Искренняя магия — это слабоосознаваемое, неконтролируемое волшебство у детей, магия желания и намерения, когда маленький маг хочет чего-то настолько сильно, что заставляет рассеянную в мире амбиентную магию воплотить свое желание в реальность.

Так маленький стихийник останавливает дождь, потому что очень хочет пойти гулять, маленький иллюзорник наколдовывает бабочку, потому что хочет поближе разглядеть узоры на её крыльях...»

… а маленькая некромантка поднимает умертвие, потому что ей захотелось иметь собаку.

«Ткань такого волшебства столь тонка, что разглядеть ее весьма непросто даже очень сильным и опытным магам. И в этом кроется опасность подобной магии. Потому исправить содеянное бывает очень сложно, и даже невозможно, и тогда маленький боевик толкнёт своего обидчика так, что его сломанная кость потом не сможет срастись…»

…а маленький некромант так сильно пожелает, чтобы кричащая на него женщина замолчала, что она замолчит навсегда.

«…поэтому основной своей задачей дорвенантская магическая школа ставит установление контроля над этой «искренней» магией…

Определение «искренняя магия» Грегора позабавило и слегка насторожило. Было в этом что-то, что он не брался с ходу сформулировать, что-то пугающее и притягательное одновременно…

«… Для этого используются весьма сложные приёмы плетения заклятий и составления ритуалов. Зачастую чрезмерно усложнённые, требующие пристального внимания и тщательного исполнения, потому что их основная задача — научить мага контролировать свою магию, сделать все его действия осознанными».

Всё это, в общем, было давно известно, хотя то, что магические плетения усложняются умышленно, Грегору в голову не приходило. Мысль весьма интересная и богатая…

«… Для взрослых магов эмоциональное состояние также имеет большое значение. Мы учим адептов сохранять холодную голову при творении волшбы…

…Хорошо известно, что если маг испытывает гнев и ярость, его боевые заклятия усиливаются, а заклятия даже очень опытного мага в угнетенном состоянии духа могут дать осечку …»

Это, в общем, тоже не новость…

«…истинно великим магом станет тот, кто сможет совмещать осознанные контролируемые магические плетения и искреннюю магию своего желания, магию намерения…»

Грегор вспомнил проклятие, которым убил Беатрис. Проклятие намерения… да, такое доступно немногим. Он перелистнул страницу, бегло просматривая текст.

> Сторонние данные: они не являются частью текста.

section \<open>Asymptotics of the moments\<close>

lemma abs_prod_diff_le:
  fixes a b :: "'i \<Rightarrow> real"
  assumes K: "1 \<le> K" and a: "\<And>t. t \<in> I \<Longrightarrow> \<bar>a t\<bar> \<le> K" and b: "\<And>t. t \<in> I \<Longrightarrow> \<bar>b t\<bar> \<le> K"
  shows "\<bar>(\<Prod>t\<in>I. a t) - (\<Prod>t\<in>I. b t)\<bar> \<le> K ^ card I * (\<Sum>t\<in>I. \<bar>a t - b t\<bar>)"
proof (cases "finite I")
  case True
  have scale: "(\<Prod>t\<in>I. f t) = K ^ card I * (\<Prod>t\<in>I. f t / K)" for f
    using K True by (simp add: prod_dividef)
  have "\<bar>(\<Prod>t\<in>I. a t) - (\<Prod>t\<in>I. b t)\<bar> = K ^ card I * \<bar>(\<Prod>t\<in>I. a t / K) - (\<Prod>t\<in>I. b t / K)\<bar>"
    using K by (subst (1 2) scale) (simp add: abs_mult flip: right_diff_distrib)
  also have "\<dots> \<le> K ^ card I * (\<Sum>t\<in>I. \<bar>a t / K - b t / K\<bar>)"
    using norm_prod_diff[of I "\<lambda>t. a t / K" "\<lambda>t. b t / K"] a b K by simp
  also have "\<dots> \<le> K ^ card I * (\<Sum>t\<in>I. \<bar>a t - b t\<bar>)"
  proof (intro mult_left_mono sum_mono)
    fix t
    have "\<bar>a t - b t\<bar> \<le> \<bar>a t - b t\<bar> * K"
      using K by (metis abs_ge_zero mult_le_cancel_left1 order.order_iff_strict order_less_not_sym)
    then show "\<bar>a t / K - b t / K\<bar> \<le> \<bar>a t - b t\<bar>"
      using K by (simp add: abs_divide divide_le_eq flip: diff_divide_distrib)
  qed (use K in simp)
  finally show ?thesis .
qed simp
(* Let $\mathcal{N}$ be a Beeping Network with $n$ nodes and maximum degree $\Delta$, where each node has a unique ID from $[1,n^c]$ for a constant $c\ge1$ and each node knows $n$, $c$ and $\Delta$. There is a deterministic distributed algorithm (for the Beeping Network) that simulates any single round of any algorithm designed for the CONGEST model: if each node $u$ holds, for each neighbor $v\in N(u)$, a (possibly different) message $m_{u,v}$ of $O(\log n)$ bits, then after $O(\Delta^2\,\mathrm{polylog}\, n\,\log\Delta)$ beeping rounds, for every $u$ and every $v\in N(u)$, the node $v$ knows $m_{u,v}$ together with the ID of $u$. Here $\mathrm{polylog}\, n$ is a fixed polylogarithmic function of $n$.
   Context: A Beeping Network is a network of $n$ nodes whose topology is an undirected graph $G=(V,E)$; $N(v)$ is the neighbor set of $v$. Time is divided into synchronous rounds and all nodes start simultaneously. In each round every node either beeps or listens; a listening node hears "silence" if no neighbor beeps and "noise" if at least one neighbor beeps, and cannot distinguish one beep from several. The algorithm may be adaptive (decisions can depend on the silence/noise feedback heard so far). In the CONGEST model, in each round each node can send a possibly different message of $O(\log n)$ bits to each neighbor, and all such messages are received without collisions. *)

theory Defs
  imports Complex_Main
begin

text \<open>Network: vertices are natural numbers (any finite graph is isomorphic to one),
  V finite vertex set, E symmetric irreflexive adjacency relation inside V.\<close>

definition network :: "nat set \<Rightarrow> (nat \<Rightarrow> nat \<Rightarrow> bool) \<Rightarrow> bool" where
  "network V E \<longleftrightarrow> finite V \<and> (\<forall>u v. E u v \<longrightarrow> u \<in> V \<and> v \<in> V)
      \<and> (\<forall>u v. E u v \<longrightarrow> E v u) \<and> (\<forall>u. \<not> E u u)"

definition degree :: "nat set \<Rightarrow> (nat \<Rightarrow> nat \<Rightarrow> bool) \<Rightarrow> nat \<Rightarrow> nat" where
  "degree V E v = card {u \<in> V. E v u}"

definition max_degree :: "nat set \<Rightarrow> (nat \<Rightarrow> nat \<Rightarrow> bool) \<Rightarrow> nat" where
  "max_degree V E = Max (degree V E ` V)"

text \<open>A deterministic adaptive beeping protocol: in each round, a node decides to beep
  (True) or listen (False) as a function of its knowledge: n, c, Delta, its own ID,
  its local input (messages indexed by recipient ID), and the list of feedbacks heard
  so far.\<close>

type_synonym protocol =
  "nat \<Rightarrow> real \<Rightarrow> nat \<Rightarrow> nat \<Rightarrow> (nat \<Rightarrow> bool list) \<Rightarrow> bool list \<Rightarrow> bool"

fun beep_hist :: "protocol \<Rightarrow> real \<Rightarrow> nat set \<Rightarrow> (nat \<Rightarrow> nat \<Rightarrow> bool) \<Rightarrow> (nat \<Rightarrow> nat)
      \<Rightarrow> (nat \<Rightarrow> nat \<Rightarrow> bool list) \<Rightarrow> nat \<Rightarrow> nat \<Rightarrow> bool list" where
  "beep_hist P c V E idf inp 0 = (\<lambda>v. [])"
| "beep_hist P c V E idf inp (Suc t) =
     (let h = beep_hist P c V E idf inp t;
          b = (\<lambda>w. P (card V) c (max_degree V E) (idf w) (inp w) (h w))
      in (\<lambda>v. h v @ [\<not> b v \<and> (\<exists>w\<in>V. E v w \<and> b w)]))"

end

(* Both phases of the simulation run through the slots (p, r, i, h) with p < M prime, r < M, i < W
   and h < 2.  A node with ID x carrying the number X beeps in slot (p, r, i, h) iff x mod p = r and
   bit i of the word x + 2^L (X mod p) is 1 - h.  A node v whose ID is not congruent to r modulo p
   hears noise in exactly one of the two polarities of every bit iff it has neighbours with ID
   congruent to r and all of them send the same word; it then reads off the ID of such a neighbour u
   together with X_u mod p, and it never reads anything false.  Distinct IDs below 2^L agree modulo fewer than L
   primes, so if there are more than Delta L + B primes below M, each neighbour u of v has more than
   B primes on which no other node of the closed neighbourhood of v shares its residue.  In phase 0
   (X = 0) every node learns the IDs of its neighbours; in phase 1 it sends the code X < 2^B of its
   list of (neighbour ID, message) pairs, which the receiver recovers as the unique number below 2^B
   with the received residues.  The primes come from the central binomial coefficient: there are
   R = Delta L + B + 1 = O(Delta log n) primes below M = O(R log R), so each phase takes
   2 M^2 W = O(Delta^2 log^5 n) rounds. *)

theory Submission
  imports Defs "HOL-Computational_Algebra.Primes" "HOL-Library.Log_Nat"
begin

«Установив, что испытываемые магом эмоции непосредственно влияют на творимые им заклинания, автор считает обоснованным и обратное предположение, а именно, что творимая магия также влияет на эмоциональное состояние мага.

Такое предположение достаточно сложно обосновать, так как на наше эмоциональное состояние оказывает влияние множество различных факторов, начиная с нашего физического состояния, заканчивая многочисленными жизненными обстоятельствами, вызывающими наш эмоциональный отклик. Но ряд сделанных автором наблюдений и проведенных экспериментов, таких как…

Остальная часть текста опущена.